To evaluate how each of the response variables changes along with the number of GCFs, we applied a generalized additive model (GAM)53. GAM is a penalized generalized linear model that fits a nonparametric, nonlinear smooth curve54. The degree of smoothness of model terms is estimated as part of fitting, using the generalized cross validation. We reasonably assume that the curve shapes are different between high and low soil biodiversity treatments. Therefore, we included biodiversity conditions (low/high) as the model intercept and as the “factor smooth” smoothing class, where a smooth function is created for each factor level independently55. For GAM modeling, we used the mgcv package55. The dimension of the basis used to represent the smooth term was set as k = 5 so that the model does not overfit to the data. For this, we compared some other values (from 3 to 8) and confirmed that the results are essentially the same within the tested range.
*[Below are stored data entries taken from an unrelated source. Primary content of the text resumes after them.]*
lemma continuous_at_unit_via_translate:
  assumes gs: "g_space G T X \<alpha>" and tg: "topological_group G' T'" and hom: "\<phi> \<in> hom G G'"
    and C: "continuous_at_unit_via G G' T' \<phi> X \<alpha> x" and x: "x \<in> topspace X"
    and g: "g \<in> carrier G" and W: "openin X W" "\<alpha> g x \<in> W"
  shows "\<exists>U V. openin T' U \<and> \<phi> g \<in> U \<and> openin X V \<and> x \<in> V \<and>
           (\<forall>g'\<in>carrier G. \<phi> g' \<in> U \<longrightarrow> (\<forall>y\<in>V. \<alpha> g' y \<in> W))"
proof -
  interpret G: group G using gs by (simp add: g_space_def topological_group_def)
  interpret group_hom G G' \<phi>
    using hom tg by (simp add: group_hom_def group_hom_axioms_def G.group_axioms topological_group_def)
  have tsp: "topspace T' = carrier G'" using tg by (rule topological_group_topspace)
  define W' where "W' = {y \<in> topspace X. \<alpha> g y \<in> W}"
  have W': "openin X W'"
    unfolding W'_def using openin_continuous_map_preimage[OF g_space_continuous_map_action[OF gs g] W(1)] .
  have xW': "x \<in> W'" unfolding W'_def using x W(2) by simp
  obtain Q V where Q: "openin T' Q" "\<one>\<^bsub>G'\<^esub> \<in> Q" and V: "openin X V" "x \<in> V"
    and QV: "\<forall>k\<in>carrier G. \<phi> k \<in> Q \<longrightarrow> (\<forall>y\<in>V. \<alpha> k y \<in> W')"
    using continuous_at_unit_viaD[OF C W' xW'] by blast
  define U where "U = {q \<in> topspace T'. inv\<^bsub>G'\<^esub> \<phi> g \<otimes>\<^bsub>G'\<^esub> q \<in> Q}"
  have "openin T' U"
    unfolding U_def using g
    by (intro openin_continuous_map_preimage[OF continuous_map_left_translation[OF tg] Q(1)]) simp
  moreover have "\<phi> g \<in> U" unfolding U_def using g Q(2) tsp by simp
  moreover have "\<alpha> g' y \<in> W" if g': "g' \<in> carrier G" "\<phi> g' \<in> U" and y: "y \<in> V" for g' y
  proof -
    have "\<phi> (inv\<^bsub>G\<^esub> g \<otimes>\<^bsub>G\<^esub> g') \<in> Q" using g g' unfolding U_def by simp
    then have "\<alpha> g (\<alpha> (inv\<^bsub>G\<^esub> g \<otimes>\<^bsub>G\<^esub> g') y) \<in> W"
      using QV y g g'(1) unfolding W'_def by simp
    then show ?thesis
      using g_space_action_left_quotient[OF gs g g'(1)] openin_subset[OF V(1)] y by auto
  qed
  ultimately show ?thesis using V by (intro exI[of _ U] exI[of _ V]) blast
qed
The other parameters were set as default.
The relationships between soil microbial indices and other soil indices were tested using Spearman correlation in the package microbiome, and the adjustment method “fdr” was employed to control the false discovery rate for multiple testing correction56. For the further multivariate integration of soil functions/properties and composition of modules, the DIABLO (Data Integration Analysis for Biomarker discovery using a Latent component method for Omics studies) was employed to detect correlation (Pearson’s correlation |r| > 0.5) among variables using the package mixOmics57.
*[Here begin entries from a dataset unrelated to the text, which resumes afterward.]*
(* Assume the MDP satisfies the low-rank assumption with parameter $d$. For an arbitrary pair of policies $\pi^\theta=\{\pi^\theta_t\}_{t\in[H]}$ and $\pi^\beta=\{\pi^\beta_t\}_{t\in[H]}$, \[ \widehat{\operatorname{Dis}}\big(d_t^{\pi^\theta},d_t^{\pi^\beta}\big)\le\sum_{i=1}^t\big(\sqrt{dS^2A}\big)^{t-i}\,\|\pi^\theta_i-\pi^\beta_i\|_{\mathrm{op}}\qquad\text{for all }t\in[H]. \]
   Context: MDP: finite state space $\mathcal S$ ($S=|\mathcal S|$), finite action space $\mathcal A$ ($A=|\mathcal A|$), horizon $H$, transitions $P_t(\cdot\mid s,a)$, initial distribution $\mu_1$. Policies $\pi=\{\pi_t:\mathcal S\to\Delta(\mathcal A)\}$, with $s_1\sim\mu_1$, $a_t\sim\pi_t(\cdot\mid s_t)$, $s_{t+1}\sim P_t(\cdot\mid s_t,a_t)$; $d_t^\pi(s,a)=\Pr_\pi(s_t=s,a_t=a)$, viewed as an $S\times A$ matrix; $\pi_t$ is viewed as the $S\times A$ matrix with entries $\pi_t(a\mid s)$. $\|\cdot\|_{\mathrm{op}}$ is the spectral norm and $\widehat{\operatorname{Dis}}(p,q)=\|p-q\|_{\mathrm{op}}$. Low-rank assumption with parameter $d$: with $d'=\lfloor d/2\rfloor$, for each $t$ either $P_t(s'\mid s,a)=\sum_{i=1}^{d'}u_{t,i}(s',s)w_{t,i}(a)$ for all $s',s,a$, or $P_t(s'\mid s,a)=\sum_{i=1}^{d'}u_{t,i}(s)w_{t,i}(s',a)$ for all $s',s,a$ (and each reward $r_t$ has rank at most $d'$). *)

theory Defs
  imports "HOL-Analysis.Analysis"
begin

definition opnorm :: "real^'a^'s \<Rightarrow> real" where
  "opnorm M = onorm (\<lambda>x. M *v x)"

definition as_mat :: "('s::finite \<Rightarrow> 'a::finite \<Rightarrow> real) \<Rightarrow> real^'a^'s" where
  "as_mat f = (\<chi> s a. f s a)"

text \<open>Occupancy measures. occ mu P pol n is d_{n+1}^pol (time steps are 1-based:
  pol t is the policy at step t, P t s a s' = P_t(s' | s, a)).\<close>
primrec occ :: "('s::finite \<Rightarrow> real) \<Rightarrow> (nat \<Rightarrow> 's \<Rightarrow> 'a::finite \<Rightarrow> 's \<Rightarrow> real)
    \<Rightarrow> (nat \<Rightarrow> 's \<Rightarrow> 'a \<Rightarrow> real) \<Rightarrow> nat \<Rightarrow> 's \<Rightarrow> 'a \<Rightarrow> real" where
  "occ mu P pol 0 s a = mu s * pol 1 s a"
| "occ mu P pol (Suc n) s' a' =
     (\<Sum>s\<in>UNIV. \<Sum>a\<in>UNIV. occ mu P pol n s a * P (Suc n) s a s') * pol (Suc (Suc n)) s' a'"

definition dist_occ :: "('s::finite \<Rightarrow> real) \<Rightarrow> (nat \<Rightarrow> 's \<Rightarrow> 'a::finite \<Rightarrow> 's \<Rightarrow> real)
    \<Rightarrow> (nat \<Rightarrow> 's \<Rightarrow> 'a \<Rightarrow> real) \<Rightarrow> nat \<Rightarrow> 's \<Rightarrow> 'a \<Rightarrow> real" where
  "dist_occ mu P pol t = occ mu P pol (t - 1)"

definition is_policy :: "nat \<Rightarrow> (nat \<Rightarrow> 's::finite \<Rightarrow> 'a::finite \<Rightarrow> real) \<Rightarrow> bool" where
  "is_policy H pol \<longleftrightarrow> (\<forall>t\<in>{1..H}. \<forall>s. (\<forall>a. pol t s a \<ge> 0) \<and> (\<Sum>a\<in>UNIV. pol t s a) = 1)"

definition low_rank_mdp :: "nat \<Rightarrow> nat \<Rightarrow> (nat \<Rightarrow> 's::finite \<Rightarrow> 'a::finite \<Rightarrow> 's \<Rightarrow> real)
    \<Rightarrow> (nat \<Rightarrow> 's \<Rightarrow> 'a \<Rightarrow> real) \<Rightarrow> bool" where
  "low_rank_mdp d H P r \<longleftrightarrow>
     (\<forall>t\<in>{1..H}.
        ((\<exists>(u :: nat \<Rightarrow> 's \<Rightarrow> 's \<Rightarrow> real) (w :: nat \<Rightarrow> 'a \<Rightarrow> real).
            \<forall>s' s a. P t s a s' = (\<Sum>i=1..d div 2. u i s' s * w i a))
        \<or> (\<exists>(u :: nat \<Rightarrow> 's \<Rightarrow> real) (w :: nat \<Rightarrow> 's \<Rightarrow> 'a \<Rightarrow> real).
            \<forall>s' s a. P t s a s' = (\<Sum>i=1..d div 2. u i s * w i s' a)))
        \<and> rank (as_mat (r t)) \<le> d div 2)"

end

theory Submission
  imports Defs
begin

text \<open>Let nu_t(s') = sum_{s,a} d_t(s,a) P_t(s'|s,a) be the state distribution after step t,
  so that d_{t+1}(s',a') = nu_t(s') pi_{t+1}(a'|s'). The difference of the two occupancy matrices
  splits as diag(nu^theta) (pi^theta - pi^beta) + diag(nu^theta - nu^beta) pi^beta. Since nu^theta
  is a probability vector, the first term has operator norm at most |pi^theta - pi^beta|_op.
  Each entry of nu^theta - nu^beta is a Frobenius inner product of d^theta_t - d^beta_t with a
  slice of the stochastic kernel, so by Cauchy-Schwarz the Frobenius norm of the second term is
  at most sqrt(SA) |d^theta_t - d^beta_t|_F <= sqrt(S^2 A) |d^theta_t - d^beta_t|_op.
  Unrolling this one-step recursion gives the geometric sum. The low-rank structure enters only
  through d >= 1: a kernel of rank zero cannot be stochastic.\<close>

definition is_dist :: "('x::finite \<Rightarrow> real) \<Rightarrow> bool" where
  "is_dist p \<longleftrightarrow> (\<forall>x. 0 \<le> p x) \<and> (\<Sum>x\<in>UNIV. p x) = 1"

lemma is_dist_le_one:
  assumes "is_dist p"
  shows "p x \<le> 1"
proof -
  have "p x \<le> (\<Sum>y\<in>UNIV. p y)"
    using assms by (intro member_le_sum) (auto simp: is_dist_def)
  then show ?thesis
    using assms by (simp add: is_dist_def)
qed

lemma is_dist_sum_power2_le_one:
  assumes "is_dist p"
  shows "(\<Sum>x\<in>UNIV. p x ^ 2) \<le> 1"
proof -
  have "p x ^ 2 \<le> p x" for x
    using assms is_dist_le_one[OF assms, of x]
    by (simp add: is_dist_def power2_eq_square mult_left_le)
  then have "(\<Sum>x\<in>UNIV. p x ^ 2) \<le> (\<Sum>x\<in>UNIV. p x)"
    by (rule sum_mono)
  then show ?thesis
    using assms by (simp add: is_dist_def)
qed

lemma sum_UNIV_pair:
  "(\<Sum>x\<in>UNIV. f x) = (\<Sum>s\<in>UNIV. \<Sum>a\<in>UNIV. f (s, a))"
  by (simp add: sum.cartesian_product' flip: UNIV_Times_UNIV)

lemma sum_swap3:
  "(\<Sum>z\<in>C. \<Sum>x\<in>A. \<Sum>y\<in>B. f x y z) = (\<Sum>x\<in>A. \<Sum>y\<in>B. \<Sum>z\<in>C. f x y z)"
  by (rule trans[OF sum.swap], rule sum.cong[OF refl], rule sum.swap)

lemma is_dist_mult_cond_dist:
  assumes "is_dist \<nu>" and "\<And>s. is_dist (p s)"
  shows "is_dist (\<lambda>(s, a). \<nu> s * p s a)"
proof -
  have "(\<Sum>s\<in>UNIV. \<Sum>a\<in>UNIV. \<nu> s * p s a) = (\<Sum>s\<in>UNIV. \<nu> s)"
    using assms(2) by (simp add: is_dist_def flip: sum_distrib_left)
  then show ?thesis
    using assms by (auto simp: is_dist_def sum_UNIV_pair)
qed

lemma opnorm_nonneg: "0 \<le> opnorm (M :: real^'a^'s)"
  unfolding opnorm_def by (rule onorm_pos_le[OF matrix_vector_mul_bounded_linear])

lemma norm_mult_le_opnorm: "norm (M *v x) \<le> opnorm M * norm x"
  unfolding opnorm_def by (rule onorm[OF matrix_vector_mul_bounded_linear])

lemma opnorm_add_le: "opnorm (A + B :: real^'a^'s) \<le> opnorm A + opnorm B"
  unfolding opnorm_def matrix_vector_mult_add_rdistrib
  by (intro onorm_triangle matrix_vector_mul_bounded_linear)

lemma norm_power2_as_mat: "norm (as_mat f) ^ 2 = (\<Sum>s\<in>UNIV. \<Sum>a\<in>UNIV. f s a ^ 2)"
  unfolding power2_norm_eq_inner inner_vec_def by (simp add: as_mat_def power2_eq_square)

lemma opnorm_le_norm: "opnorm (M :: real^'a^'s) \<le> norm M"
  unfolding opnorm_def
proof (rule onorm_le)
  fix x :: "real^'a"
  have "norm (M *v x) \<le> norm (\<chi> s. norm (M $ s) * norm x)"
    unfolding matrix_mult_dot
    by (rule norm_le_componentwise_cart) (simp add: Cauchy_Schwarz_ineq2)
  also have "(\<chi> s. norm (M $ s) * norm x) = norm x *\<^sub>R (\<chi> s. norm (M $ s))"
    by (simp add: vec_eq_iff)
  also have "norm \<dots> = norm M * norm x"
    unfolding norm_scaleR by (simp add: norm_vec_def mult.commute)
  finally show "norm (M *v x) \<le> norm M * norm x" .
qed

lemma norm_row_le_opnorm: "norm ((M :: real^'a^'s) $ s) \<le> opnorm M"
proof (cases "M $ s = 0")
  case False
  have "norm (M $ s) ^ 2 = (M *v M $ s) $ s"
    by (simp add: matrix_mult_dot power2_norm_eq_inner)
  also have "\<dots> \<le> norm (M *v M $ s)"
    using component_le_norm_cart[of "M *v M $ s" s] by simp
  also have "\<dots> \<le> opnorm M * norm (M $ s)"
    by (rule norm_mult_le_opnorm)
  finally show ?thesis
    using False by (simp add: power2_eq_square)
qed (simp add: opnorm_nonneg)

lemma norm_power2_le_card_opnorm:
  "norm (M :: real^'a^'s) ^ 2 \<le> real CARD('s) * opnorm M ^ 2"
proof -
  have "norm M ^ 2 = (\<Sum>s\<in>UNIV. norm (M $ s) ^ 2)"
    by (simp add: norm_vec_def L2_set_def sum_nonneg)
  also have "\<dots> \<le> (\<Sum>s::'s\<in>UNIV. opnorm M ^ 2)"
    by (intro sum_mono power_mono norm_row_le_opnorm norm_ge_zero)
  finally show ?thesis
    by simp
qed

lemma opnorm_scale_rows_le:
  assumes "\<And>s. \<bar>v s\<bar> \<le> 1"
  shows "opnorm ((\<chi> s a. v s * M $ s $ a) :: real^'a^'s) \<le> opnorm M"
  unfolding opnorm_def
proof (rule onorm_le)
  fix x :: "real^'a"
  have "(\<chi> s a. v s * M $ s $ a) *v x = (\<chi> s. v s * (M *v x) $ s)"
    by (simp add: matrix_vector_mult_def vec_eq_iff sum_distrib_left mult.assoc)
  also have "norm \<dots> \<le> norm (M *v x)"
    using assms by (intro norm_le_componentwise_cart) (simp add: abs_mult mult_left_le_one_le)
  also have "\<dots> \<le> onorm ((*v) M) * norm x"
    by (rule norm_mult_le_opnorm[unfolded opnorm_def])
  finally show "norm ((\<chi> s a. v s * M $ s $ a) *v x) \<le> onorm ((*v) M) * norm x" .
qed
The Z-scores for each of the eight soil functions (as shown in Fig. 1, with the exception of soil water repellency) were evaluated, and then we computed an improved weighted multifunctionality metric to represent soil multifunctionality (Supplementary Methods)58. Structural equation models (SEMs) were used to reveal the direct and indirect effects of an increasing number of GCFs on soil multifunctionality within each soil biodiversity treatment using the package lavaan59. We assumed that an increasing number of GCFs influences soil multifunctionality by regulating the bacterial and fungal abundance and the relative abundance of modules. All response variables were standardized to the same comparison scale using the z-score transformation before constructing SEMs. Models with optimal fitting indices were reported (Supplementary Fig. 11).
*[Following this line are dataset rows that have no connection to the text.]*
theorem lemma3p5:
  fixes \<alpha> \<beta> :: real and F :: "real set"
  assumes "\<alpha> < \<beta>"
    and "closed F" and "F \<subseteq> {\<alpha>..\<beta>}" and "\<alpha> \<in> F" and "\<beta> \<in> F"
    and "F \<in> null_sets lborel"
  shows "\<exists>h h' g.
           homeomorphism {\<alpha>..\<beta>} {\<alpha>..\<beta>} h g \<and>
           strict_mono_on {\<alpha>..\<beta>} h \<and>
           (\<forall>x\<in>{\<alpha>..\<beta>}. (h has_real_derivative h' x) (at x within {\<alpha>..\<beta>})) \<and>
           continuous_on {\<alpha>..\<beta>} h' \<and>
           (\<forall>x\<in>{\<alpha>..\<beta>}. h' x = 0 \<longleftrightarrow> x \<in> {\<alpha>..\<beta>} \<inter> h -` F) \<and>
           (\<forall>x\<in>{\<alpha>..\<beta>} - h -` F. h' differentiable (at x within {\<alpha>..\<beta>})) \<and>
           abs_continuous_on_interval \<alpha> \<beta> g"
proof -
  interpret closed_subset_interval \<alpha> \<beta> F using assms(1-5) by unfold_locales
  have "negligible F"
    unfolding negligible_iff_null_sets using assms(6) by (rule null_sets_completionI)
  then obtain w where "blowup_weight \<alpha> \<beta> F w" using exists_blowup_weight by blast
  then interpret W: blowup_weight \<alpha> \<beta> F w .
  show ?thesis
  proof (rule exI[of _ W.h], rule exI[of _ W.h'], rule exI[of _ W.g], intro conjI ballI)
    show "homeomorphism {\<alpha>..\<beta>} {\<alpha>..\<beta>} W.h W.g"
      using W.homeomorphism_g_h by (rule homeomorphism_sym[THEN iffD1])
    show "strict_mono_on {\<alpha>..\<beta>} W.h" by (rule W.h_strict_mono)
    show "continuous_on {\<alpha>..\<beta>} W.h'" by (rule W.continuous_on_h')
    show "abs_continuous_on_interval \<alpha> \<beta> W.g" by (rule W.abs_continuous_g)
    fix x assume x: "x \<in> {\<alpha>..\<beta>}"
    show "(W.h has_real_derivative W.h' x) (at x within {\<alpha>..\<beta>})" using x by (rule W.h_has_derivative)
    show "W.h' x = 0 \<longleftrightarrow> x \<in> {\<alpha>..\<beta>} \<inter> W.h -` F" using W.h'_eq_0_iff[OF x] x by simp
  next
    fix x assume "x \<in> {\<alpha>..\<beta>} - W.h -` F"
    then show "W.h' differentiable (at x within {\<alpha>..\<beta>})"
      by (auto intro: differentiable_at_withinI[OF W.h'_differentiable])
  qed
qed

end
The permutational multivariate analysis (ADONIS) and non-metric multidimensional scaling (NMDS) ordination based on the Bray-Curtis distance were conducted to test the effect of soil biodiversity and GCF treatments on the community composition of bacteria and fungi using the R package vegan60. For the data handling, processing, and visualization, we used the packages tidyverse61, reshaping62, cowplot63, RColorBrewer64, qgraph65, igraph66, factoextra67, phyloseq68 and itsadug69. These data manipulation and analyses were conducted using R version 4.1.370. The R script and data are available in a publicly accessible database71.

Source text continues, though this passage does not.